**Instructions to follow:**
Using the data beneath this instruction, retype only the lines from the one that contains "by (rule Kzero_in_hill)" down to the one that contains "using p by (simp", both included, exactly as they appear.

══════════

lemma Kreg_eq_completed_square:
  fixes z w :: complex
  assumes "z \<noteq> 0"
  shows "Kreg mu c z w = (cmod z)^2 * (c + effU mu (2*z^2 - of_real mu))
                         + (cmod (w + \<i> * cnj z * (2*z^2 - of_real mu)))^2 / 2"
proof -
  have expand_square: "(cmod (w + \<i> * cnj z * (2*z^2 - of_real mu)))^2
     = (cmod w)^2 + 2*(2*(cmod z)^2*(Re z * Im w - Im z * Re w) - mu*(Re z * Im w + Im z * Re w))
       + (cmod z)^2 * (cmod (2*z^2 - of_real mu))^2"
    unfolding cmod_power2 by (simp add: power2_eq_square algebra_simps)
  have dist_first: "cmod (2*z^2 - of_real mu + of_real mu) = 2*(cmod z)^2"
    by (simp add: norm_mult norm_power)
  have shift_second: "2*z^2 - of_real mu - of_real (1 - mu) = 2*z^2 - 1" by simp
  show ?thesis
    unfolding Kreg_def effU_def expand_square dist_first shift_second
    using assms by (simp add: field_simps power2_eq_square)
qed

lemma Kzero_in_hill:
  assumes "(z, w) \<in> Kzero mu c" "z \<noteq> 0"
  shows "2*z^2 - of_real mu \<in> hill mu c"
proof -
  have "Kreg mu c z w = 0" and collision: "mu \<noteq> 0 \<longrightarrow> 2*z^2 \<noteq> 1"
    using assms(1) unfolding Kzero_def by auto
  then have "(cmod z)^2 * (c + effU mu (2*z^2 - of_real mu)) \<le> 0"
    unfolding Kreg_eq_completed_square[OF assms(2)]
    by (smt (verit) zero_le_power2 divide_nonneg_pos)
  then have "effU mu (2*z^2 - of_real mu) \<le> - c"
    using assms(2) by (simp add: mult_le_0_iff)
  then show ?thesis
    unfolding hill_def using assms(2) collision by auto
qed

lemma connected_stays_below_level:
  fixes f :: "'a::topological_space \<Rightarrow> real"
  assumes "connected S" "continuous_on UNIV f" "x \<in> closure S" "f x < r"
    and avoids: "\<And>y. y \<in> S \<Longrightarrow> f y \<noteq> r" and "y \<in> S"
  shows "f y < r"
proof (rule ccontr)
  assume "\<not> f y < r"
  then have above: "r < f y" using avoids \<open>y \<in> S\<close> by force
  have conn: "connected (f ` S)"
    using assms(1) continuous_on_subset[OF assms(2)] by (intro connected_continuous_image) auto
  have "r < f v" if "v \<in> S" for v
  proof (rule ccontr)
    assume "\<not> r < f v"
    then have "r \<in> f ` S"
      using connectedD_interval[OF conn, of "f v" "f y" r] that \<open>y \<in> S\<close> above by force
    then show False using avoids by blast
  qed
  then have "S \<subseteq> {v. r \<le> f v}" by force
  then have "closure S \<subseteq> {v. r \<le> f v}"
    by (rule closure_minimal) (intro closed_Collect_le continuous_on_const assms(2))
  then show False using assms(3,4) by force
qed

lemma punctured_ball_subset_hill:
  assumes "0 \<le> mu" "mu < 1" "1 - mu < c"
  shows "ball (of_real (- mu)) ((1 - mu) / c) - {of_real (- mu)} \<subseteq> hill mu c"
proof
  fix q :: complex assume q: "q \<in> ball (of_real (- mu)) ((1 - mu) / c) - {of_real (- mu)}"
  have c: "0 < c" using assms by linarith
  have dist: "cmod (q + of_real mu) < (1 - mu) / c"
    using q by (simp add: dist_norm norm_minus_commute add.commute)
  also have "\<dots> < 1" using assms c by simp
  finally have not_second: "q \<noteq> of_real (1 - mu)" by auto
  have "q + of_real mu \<noteq> 0" using q by (auto simp: add_eq_0_iff2)
  then have "c \<le> (1 - mu) / cmod (q + of_real mu)"
    using dist c by (simp add: le_divide_eq pos_less_divide_eq mult.commute)
  moreover have "0 \<le> mu / cmod (q - of_real (1 - mu))" "0 \<le> (cmod q)^2 / 2"
    using assms by simp_all
  ultimately have "effU mu q \<le> - c" unfolding effU_def by linarith
  then show "q \<in> hill mu c" unfolding hill_def using q not_second by simp
qed

lemma hill_comp_nonempty:
  assumes "0 \<le> mu" "mu < 1" "1 - mu < c"
  shows "hill_comp mu c \<noteq> {}"
proof -
  define D where "D = ball (complex_of_real (- mu)) ((1 - mu) / c) - {of_real (- mu)}"
  have "0 < (1 - mu) / c" using assms by simp
  then have "of_real (- mu) \<in> closure D"
    unfolding D_def by (simp flip: islimpt_in_closure add: islimpt_ball)
  then obtain q where q: "q \<in> D" by fastforce
  have "D \<subseteq> connected_component_set (hill mu c) q"
    using q punctured_ball_subset_hill[OF assms]
    by (intro connected_component_maximal) (auto simp: D_def connected_punctured_ball)
  then have "of_real (- mu) \<in> closure (connected_component_set (hill mu c) q)"
    using closure_mono \<open>of_real (- mu) \<in> closure D\<close> by blast
  then have "q \<in> hill_comp mu c"
    using q punctured_ball_subset_hill[OF assms] unfolding hill_comp_def D_def by blast
  then show ?thesis by blast
qed

lemma hill_comp_inside_circle:
  assumes "21/10 \<le> c" "0 \<le> mu" "mu \<le> 1/2" "q \<in> hill_comp mu c"
  shows "dist (of_real (- mu)) q < (3 - 2*mu) / 5"
proof -
  define S where "S = connected_component_set (hill mu c) q"
  have "cmod (q + of_real mu) < (3 - 2*mu) / 5"
  proof (rule connected_stays_below_level[where S = S and f = "\<lambda>x. cmod (x + of_real mu)"])
    show "of_real (- mu) \<in> closure S" using assms(4) unfolding S_def hill_comp_def by simp
    show "y \<in> S \<Longrightarrow> cmod (y + of_real mu) \<noteq> (3 - 2*mu) / 5" for y
      using hill_avoids_circle[OF assms(1-3)] connected_component_subset unfolding S_def by blast
    show "q \<in> S" using assms(4) unfolding S_def hill_comp_def by simp
  qed (use assms in \<open>auto simp: S_def intro!: continuous_intros\<close>)
  then show ?thesis by (simp add: dist_norm norm_minus_commute add.commute)
qed

lemma dmc_le:
  assumes "21/10 \<le> c" "0 \<le> mu" "mu \<le> 1/2"
  shows "dmc mu c \<le> (3 - 2*mu) / 5"
  unfolding dmc_def
proof (rule cSup_least)
  show "(\<lambda>q. dist (of_real (- mu)) q) ` hill_comp mu c \<noteq> {}"
    using hill_comp_nonempty assms by simp
qed (use hill_comp_inside_circle[OF assms] in \<open>auto intro: less_imp_le\<close>)

lemma Sigma_mc_inside_circle:
  assumes "21/10 \<le> c" "0 \<le> mu" "mu \<le> 1/2" "(z, w) \<in> Sigma_mc mu c"
  shows "2 * (cmod z)^2 < (3 - 2*mu) / 5"
proof -
  obtain w0 where w0: "(0, w0) \<in> Kzero mu c"
    and zw: "(z, w) \<in> connected_component_set (Kzero mu c) (0, w0)"
    using assms(4) unfolding Sigma_mc_def by blast
  define S where "S = connected_component_set (Kzero mu c) (0, w0)"
  have "2 * (cmod (fst (z, w)))^2 < (3 - 2*mu) / 5"
  proof (rule connected_stays_below_level[where S = S and f = "\<lambda>p. 2 * (cmod (fst p))^2"])
    show "(0, w0) \<in> closure S" using w0 closure_subset unfolding S_def by fastforce
    show "2 * (cmod (fst p))^2 \<noteq> (3 - 2*mu) / 5" if "p \<in> S" for p
    proof
      assume p: "2 * (cmod (fst p))^2 = (3 - 2*mu) / 5"
      have "(fst p, snd p) \<in> Kzero mu c"
        using that connected_component_subset unfolding S_def by fastforce
      moreover have "fst p \<noteq> 0" using p assms by auto
      ultimately have "2 * (fst p)^2 - of_real mu \<in> hill mu c" by (rule Kzero_in_hill)
      moreover have "cmod (2 * (fst p)^2 - of_real mu + of_real mu) = (3 - 2*mu) / 5"
        using p by (simp add: norm_mult norm_power)
      ultimately show False using hill_avoids_circle[OF assms(1-3)] by blast
    qed
  qed (use assms zw in \<open>auto simp: S_def intro!: continuous_intros\<close>)
  then show ?thesis by simp
qed

theorem lemma4p1:
  fixes mu c :: real
  assumes "c \<ge> 2.1" and "0 \<le> mu" and "mu \<le> 1/2"
  shows "dmc mu c \<le> (3 - 2 * mu) / 5
         \<and> (\<forall>z w. (z, w) \<in> Sigma_mc mu c \<longrightarrow> 2 * (cmod z)^2 \<le> 3 / 5)"
proof -
  have c: "21/10 \<le> c" using assms(1) by simp
  have "(3 - 2 * mu) / 5 \<le> 3/5" using assms(2) by simp
  then show ?thesis
    using dmc_le[OF c assms(2,3)] Sigma_mc_inside_circle[OF c assms(2,3)] by force
qed

end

══════════

**Response to the exercise:**
      ultimately have "2 * (fst p)^2 - of_real mu \<in> hill mu c" by (rule Kzero_in_hill)
      moreover have "cmod (2 * (fst p)^2 - of_real mu + of_real mu) = (3 - 2*mu) / 5"
        using p by (simp add: norm_mult norm_power)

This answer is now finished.